The kidney plays a key role in the control of body fluid volume and composition, and tubular and/or hemodynamic dysfunction are common features of diseases such as hypertension and diabetes. The renal P450 arachidonic acid (AA) monooxygenase biosynthesizes hydroxy- and epoxy-AA derivatives that are known to modulate tubular transport and vascular reactivity. Animal models of P450 gene dysfunction confirmed the physiological importance of these enzymes, characterized their pathophysiological roles, and provided insights into the mechanism of action of their metabolites. Studies of the pathophysiological roles of human P450s identified associations between P450 gene variants with hypertension, the progression of renal disease, and with components of metabolic syndrome. This application proposes to build upon these studies and to address: a) mechanisms by which the P450-eicosanoids regulate renal tubular transport and vascular reactivity, b) the role of P450s in human hypertension and renal complications of diabetes, and c) the molecular basis of these pathophysiological roles. To achieve these goals, we developed a multidisciplinary approach for studies of P450-isoform specific phenotypes at the cellular, organ and whole animal levels, the analysis of associations between alterations in human P450 gene structure/expression and disease, and for clinical studies of their metabolic and functional consequences. Cyp2c and Cyp4a knockout mice will be used to study gene-dependent changes in: a) renal EET and/or 20-HETE synthase expression, b) tubular transport and/or vascular reactivity, and c) systemic blood pressure and the progression of renal disease. Associations between CYP2C8/2C9 or CYP4A11 genotypes with blood pressure, insulin sensitivity, and urine and plasma EET and 20-HETE levels will be explored to define pathophysiological correlations between variant alleles, AA epoxidation/hydroxylation, and individual responses to changes in dietary salt intake, the administration of diuretics, or peroxisomal proliferator activated receptor (alpha) ligands. Our long term goals are to provide a molecular understanding of role(s) of P450 eicosanoids in renal physiological, their mechanism and site of action, and relevance to human disease. These are needed for the development of meaningful approaches for: a) the unequivocal definition of human pathophysiological significance, and b) future pharmacological targeting, and clinical diagnosis and intervention.
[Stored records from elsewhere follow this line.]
lemma cofactor_nonzero_at_root:
  assumes "(a, i) \<in> B" and "z \<in> croots a"
  shows "poly (cpoly (cofactor a i)) z \<noteq> 0"
proof -
  obtain T where "poly T z = of_int c * poly (cpoly (cofactor a i)) z" "poly T z \<noteq> 0"
    using cpoly_eq_linear_power_mult_at_root[OF assms] by blast
  then show ?thesis by auto
qed

lemma degree_factorization: "degree p = (\<Sum>(a, i)\<in>B. degree a * i)"
proof -
  have "degree p = degree (\<Prod>(a, i)\<in>B. a ^ i)"
    using factorization constant_nonzero by simp
  also have "\<dots> = (\<Sum>(a, i)\<in>B. degree (a ^ i))"
    unfolding case_prod_unfold by (rule degree_prod_eq_sum_degree) (auto dest: factorD(4))
  also have "\<dots> = (\<Sum>(a, i)\<in>B. degree a * i)"
    by (intro sum.cong) (auto simp: degree_power_eq dest: factorD(4))
  finally show ?thesis .
qed

lemma sum_degree_factors_le: "(\<Sum>(a, i)\<in>B. degree a) \<le> degree p"
  unfolding degree_factorization by (intro sum_mono) (auto dest: factorD(3))

lemma degree_cofactor_le:
  assumes ai: "(a, i) \<in> B"
  shows "degree (cofactor a i) \<le> degree p"
proof -
  have "degree (cofactor a i) \<le> degree (pderiv a ^ i) + degree (\<Prod>(b, j)\<in>B - {(a, i)}. b ^ j)"
    unfolding cofactor_def by (rule degree_mult_le)
  also have "degree (pderiv a ^ i) \<le> degree a * i"
    by (metis degree_power_le degree_pderiv diff_le_self mult_le_mono1 order_trans)
  also have "degree (\<Prod>(b, j)\<in>B - {(a, i)}. b ^ j) \<le> (\<Sum>(b, j)\<in>B - {(a, i)}. degree b * j)"
    unfolding case_prod_unfold
    by (rule order_trans[OF degree_prod_sum_le]) (auto intro!: sum_mono degree_power_le)
  also have "degree a * i + (\<Sum>(b, j)\<in>B - {(a, i)}. degree b * j) = degree p"
    unfolding degree_factorization using sum.remove[OF _ ai, of "\<lambda>(b, j). degree b * j"] by simp
  finally show ?thesis by simp
qed

lemma prod_lead_coeff_factors_le:
  "(\<Prod>(a, i)\<in>B. real_of_int (lead_coeff a)) \<le> \<bar>real_of_int (lead_coeff p)\<bar>"
proof -
  define L where "L = (\<Prod>(a, i)\<in>B. lead_coeff a ^ i)"
  have L_nonneg: "0 \<le> L"
    unfolding L_def using factorD(5) by (intro prod_nonneg) (auto simp: less_imp_le)
  have "(\<Prod>(a, i)\<in>B. lead_coeff a) \<le> L"
    unfolding L_def using factorD(5) factorD(3)
    by (intro prod_mono) (auto simp: int_one_le_iff_zero_less less_imp_le intro!: self_le_power)
  also have "\<dots> \<le> \<bar>c\<bar> * L"
    using constant_nonzero L_nonneg mult_right_mono[of 1 "\<bar>c\<bar>"]
    by (simp add: int_one_le_iff_zero_less)
  also have "\<dots> = \<bar>lead_coeff p\<bar>"
    using arg_cong[OF factorization, of lead_coeff] L_nonneg
    by (simp add: L_def lead_coeff_prod lead_coeff_power case_prod_unfold abs_mult)
  finally show ?thesis by (simp add: case_prod_unfold flip: of_int_abs of_int_prod of_int_le_iff)
qed

lemma one_le_prod_croots_cofactor:
  assumes ai: "(a, i) \<in> B"
  shows "1 \<le> real_of_int (lead_coeff a) ^ degree p *
    (\<Prod>z\<in>croots a. norm (poly (cpoly (cofactor a i)) z))"
proof -
  have eq: "(\<Prod>z\<in>croots a. norm (poly (cpoly (cofactor a i)) z)) =
      (\<Prod>z\<in>#proots (cpoly a). norm (poly (cpoly (cofactor a i)) z))"
    unfolding Defs.croots_def using factorD[OF ai]
    by (intro prod_roots_eq_prod_proots_if_rsquarefree) (auto simp: square_free_imp_rsquarefree_cpoly)
  have nonneg: "0 \<le> (\<Prod>z\<in>#proots (cpoly a). norm (poly (cpoly (cofactor a i)) z))"
    unfolding eq[symmetric] by (simp add: prod_nonneg)
  have "1 \<le> \<bar>real_of_int (lead_coeff a)\<bar> ^ degree (cofactor a i) *
      (\<Prod>z\<in>#proots (cpoly a). norm (poly (cpoly (cofactor a i)) z))"
    using factorD(4)[OF ai] cofactor_nonzero_at_root[OF ai]
    by (intro one_le_prod_proots_norm_poly) (auto simp: Defs.croots_def)
  also have "\<dots> \<le> real_of_int (lead_coeff a) ^ degree p *
      (\<Prod>z\<in>#proots (cpoly a). norm (poly (cpoly (cofactor a i)) z))"
    using factorD(5)[OF ai] degree_cofactor_le[OF ai] nonneg
    by (intro mult_right_mono) (simp_all add: power_increasing)
  finally show ?thesis unfolding eq .
qed

lemma prod_croots_factor_norm_Pfac_ge:
  assumes ai: "(a, i) \<in> B"
  shows "(1 / \<bar>real_of_int (lead_coeff p)\<bar>) ^ degree a * (1 / real_of_int (lead_coeff a)) ^ degree p
    \<le> (\<Prod>z\<in>croots a. norm (Pfac p z))"
proof -
  define l where "l = \<bar>real_of_int (lead_coeff p)\<bar>"
  define \<Gamma> where "\<Gamma> = (\<Prod>z\<in>croots a. norm (poly (cpoly (cofactor a i)) z))"
  have l: "1 \<le> l" unfolding l_def using one_le_abs_of_int nonzero by simp
  have lc_a: "0 < real_of_int (lead_coeff a)" using factorD(5)[OF ai] by simp
  have "(1 / l) ^ degree a \<le> (1 / l) ^ card (croots a)"
    using l card_croots_le factorD(4)[OF ai] by (intro power_decreasing) auto
  moreover have "(1 / real_of_int (lead_coeff a)) ^ degree p \<le> \<Gamma>"
    using one_le_prod_croots_cofactor[OF ai] lc_a by (simp add: \<Gamma>_def field_simps)
  ultimately have "(1 / l) ^ degree a * (1 / real_of_int (lead_coeff a)) ^ degree p \<le>
      (1 / l) ^ card (croots a) * \<Gamma>"
    using l lc_a by (intro mult_mono) auto
  also have "\<dots> = (\<Prod>z\<in>croots a. norm (poly (cpoly (cofactor a i)) z) / l)"
    by (simp add: \<Gamma>_def prod_dividef field_simps)
  also have "\<dots> \<le> (\<Prod>z\<in>croots a. norm (Pfac p z))"
  proof (intro prod_mono conjI)
    fix z assume "z \<in> croots a"
    then have "l * norm (Pfac p z) = \<bar>real_of_int c\<bar> * norm (poly (cpoly (cofactor a i)) z)"
      using norm_Pfac_eq_cofactor[OF ai] by (simp add: l_def)
    moreover have "1 \<le> \<bar>real_of_int c\<bar>" using one_le_abs_of_int constant_nonzero by simp
    ultimately have "norm (poly (cpoly (cofactor a i)) z) \<le> l * norm (Pfac p z)"
      using mult_right_mono[of 1 "\<bar>real_of_int c\<bar>" "norm (poly (cpoly (cofactor a i)) z)"] by simp
    then show "norm (poly (cpoly (cofactor a i)) z) / l \<le> norm (Pfac p z)"
      using l by (simp add: divide_le_eq mult.commute)
  qed (use l in simp)
  finally show ?thesis unfolding l_def .
qed

lemma prod_norm_Pfac_ge:
  "1 / \<bar>real_of_int (lead_coeff p)\<bar> ^ (2 * degree p) \<le> (\<Prod>z\<in>croots p. norm (Pfac p z))"
proof -
  define l n where "l = \<bar>real_of_int (lead_coeff p)\<bar>" and "n = degree p"
  have l: "1 \<le> l" unfolding l_def using one_le_abs_of_int nonzero by simp
  have lc_pos: "0 < real_of_int (lead_coeff a)" if "(a, i) \<in> B" for a i
    using factorD(5)[OF that] by simp
  then have prod_lc_pos: "0 < (\<Prod>(a, i)\<in>B. real_of_int (lead_coeff a))"
    by (intro prod_pos) auto
  have "1 / l ^ (2 * n) = (1 / l) ^ n * (1 / l) ^ n"
    by (simp add: power_one_over mult_2 power_add)
  also have "\<dots> \<le> (1 / l) ^ (\<Sum>(a, i)\<in>B. degree a) *
      (1 / (\<Prod>(a, i)\<in>B. real_of_int (lead_coeff a))) ^ n"
    using l sum_degree_factors_le prod_lead_coeff_factors_le prod_lc_pos
    by (intro mult_mono power_decreasing power_mono divide_left_mono)
      (auto simp: l_def[symmetric] n_def)
  also have "\<dots> = (\<Prod>(a, i)\<in>B. (1 / l) ^ degree a * (1 / real_of_int (lead_coeff a)) ^ n)"
  proof -
    have "1 / (\<Prod>(a, i)\<in>B. real_of_int (lead_coeff a)) =
        (\<Prod>(a, i)\<in>B. 1 / real_of_int (lead_coeff a))"
      by (simp add: prod_dividef case_prod_unfold)
    then show ?thesis by (simp add: prod.distrib power_sum prod_power_distrib case_prod_unfold)
  qed
  also have "\<dots> \<le> (\<Prod>(a, i)\<in>B. \<Prod>z\<in>croots a. norm (Pfac p z))"
  proof (rule prod_mono)
    fix x assume "x \<in> B"
    moreover obtain a i where x: "x = (a, i)" by force
    ultimately have ai: "(a, i) \<in> B" by simp
    have "0 \<le> (1 / l) ^ degree a * (1 / real_of_int (lead_coeff a)) ^ n"
      using l lc_pos[OF ai] by simp
    with prod_croots_factor_norm_Pfac_ge[OF ai]
    show "0 \<le> (case x of (a, i) \<Rightarrow> (1 / l) ^ degree a * (1 / real_of_int (lead_coeff a)) ^ n) \<and>
      (case x of (a, i) \<Rightarrow> (1 / l) ^ degree a * (1 / real_of_int (lead_coeff a)) ^ n) \<le>
      (case x of (a, i) \<Rightarrow> \<Prod>z\<in>croots a. norm (Pfac p z))"
      by (simp add: x l_def n_def)
  qed
  also have "\<dots> = (\<Prod>z\<in>croots p. norm (Pfac p z))"
    by (rule prod_croots_eq_prod_factors[symmetric])
  finally show ?thesis unfolding l_def n_def .
qed

end

lemma prod_mset_prime_factorization_int_poly:
  assumes "(p :: int poly) \<noteq> 0"
  shows "prod_mset (prime_factorization p) = normalize p"
proof -
  have "image_mset normalize (prime_factorization p) = prime_factorization p"
    by (rule image_mset_cong[where g = id, simplified]) (auto intro: normalize_prime)
  then have "normalize (prod_mset (prime_factorization p)) = prod_mset (prime_factorization p)"
    by (simp add: normalize_prod_mset)
  with prod_mset_prime_factorization_weak[OF assms] show ?thesis by simp
qed

lemma prime_int_poly_lead_coeff_pos:
  fixes q :: "int poly"
  assumes "prime q"
  shows "0 < lead_coeff q"
proof -
  have "lead_coeff q = lead_coeff q div sgn (lead_coeff q)"
    using coeff_normalize[of q "degree q"] normalize_prime[OF assms] by (simp add: unit_factor_int_def)
  moreover have "lead_coeff q \<noteq> 0" using assms by auto
  ultimately show ?thesis by (cases "0 < lead_coeff q") (auto simp: sgn_if)
qed

text \<open>The constant prime factors and the unit factor make up \<open>c\<close>.\<close>
lemma smult_prod_nonconstant_prime_factors:
  fixes p :: "int poly"
  assumes p: "p \<noteq> 0"
  obtains c where
    "p = smult c (\<Prod>q\<in>{q \<in> prime_factors p. degree q \<noteq> 0}. q ^ count (prime_factorization p) q)"
proof -
  define P Q K where "P = prime_factorization p"
    and "Q = {q \<in> prime_factors p. degree q \<noteq> 0}" and "K = {q \<in> prime_factors p. degree q = 0}"
  have fin: "finite Q" "finite K" by (simp_all add: Q_def K_def)
  have "p = unit_factor p * (\<Prod>q\<in>prime_factors p. q ^ count P q)"
    using p by (simp add: P_def prod_mset_multiplicity[symmetric]
        prod_mset_prime_factorization_int_poly)
  also have "prime_factors p = K \<union> Q" by (auto simp: Q_def K_def)
  also have "(\<Prod>q\<in>K \<union> Q. q ^ count P q) = (\<Prod>q\<in>K. q ^ count P q) * (\<Prod>q\<in>Q. q ^ count P q)"
    using fin by (intro prod.union_disjoint) (auto simp: Q_def K_def)
  finally have p_eq: "p = (unit_factor p * (\<Prod>q\<in>K. q ^ count P q)) * (\<Prod>q\<in>Q. q ^ count P q)"
    by (simp add: mult.assoc)
  have "degree (q ^ count P q) = 0" if "q \<in> K" for q
    using that degree_power_le[of q "count P q"] by (simp add: K_def)
  then have "degree (\<Prod>q\<in>K. q ^ count P q) = 0"
    using degree_prod_sum_le[of K "\<lambda>q. q ^ count P q"] fin by simp
  then have "degree (unit_factor p * (\<Prod>q\<in>K. q ^ count P q)) = 0"
    by (metis degree_mult_le unit_factor_poly_def degree_pCons_0 add_0 le_zero_eq)
  then obtain c where "unit_factor p * (\<Prod>q\<in>K. q ^ count P q) = [:c:]" by (meson degree_eq_zeroE)
  with p_eq have "p = smult c (\<Prod>q\<in>Q. q ^ count P q)" by simp
  then show ?thesis unfolding P_def Q_def by (rule that)
qed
肾脏在控制体液容量和成分方面发挥着关键作用，肾小管和/或血流动力学功能障碍是高血压和糖尿病等疾病的常见特征。肾脏 P450 花生四烯酸 (AA) 单加氧酶生物合成羟基和环氧-AA 衍生物，已知这些衍生物可调节肾小管转运和血管反应性。 P450 基因功能障碍的动物模型证实了这些酶的生理重要性，表征了它们的病理生理作用，并提供了对其代谢物作用机制的见解。对人类 P450 病理生理学作用的研究确定了 P450 基因变异与高血压、肾病进展以及代谢综合征组成部分之间的关​​联。本申请旨在以这些研究为基础，并解决：a) P450-类二十烷酸调节肾小管转运和血管反应性的机制，b) P450 在人类高血压和糖尿病肾脏并发症中的作用，以及 c) 分子基础这些病理生理学作用。为了实现这些目标，我们开发了一种多学科方法，用于在细胞、器官和整个动物水平上研究 P450 亚型特异性表型，分析人类 P450 基因结构/表达的改变与疾病之间的关联，并对其进行临床研究。代谢和功能的后果。 Cyp2c 和 Cyp4a 敲除小鼠将用于研究以下方面的基因依赖性变化：a) 肾脏 EET 和/或 20-HETE 合酶表达，b) 肾小管转运和/或血管反应性，以及 c) 全身血压和肾病进展疾病。将探索 CYP2C8/2C9 或 CYP4A11 基因型与血压、胰岛素敏感性、尿液和血浆 EET 和 20-HETE 水平之间的关联，以确定变异等位基因、AA 环氧化/羟基化以及个体对膳食盐摄入量变化的反应之间的病理生理学相关性、给予利尿剂或过氧化物酶体增殖物激活受体（α）配体。我们的长期目标是提供对 P450 类二十烷酸在肾脏生理学中的作用、其机制和作用位点以及与人类疾病的相关性的分子理解。这些对于开发有意义的方法是必要的：a）人类病理生理学意义的明确定义，b）未来的药理学靶向、临床诊断和干预。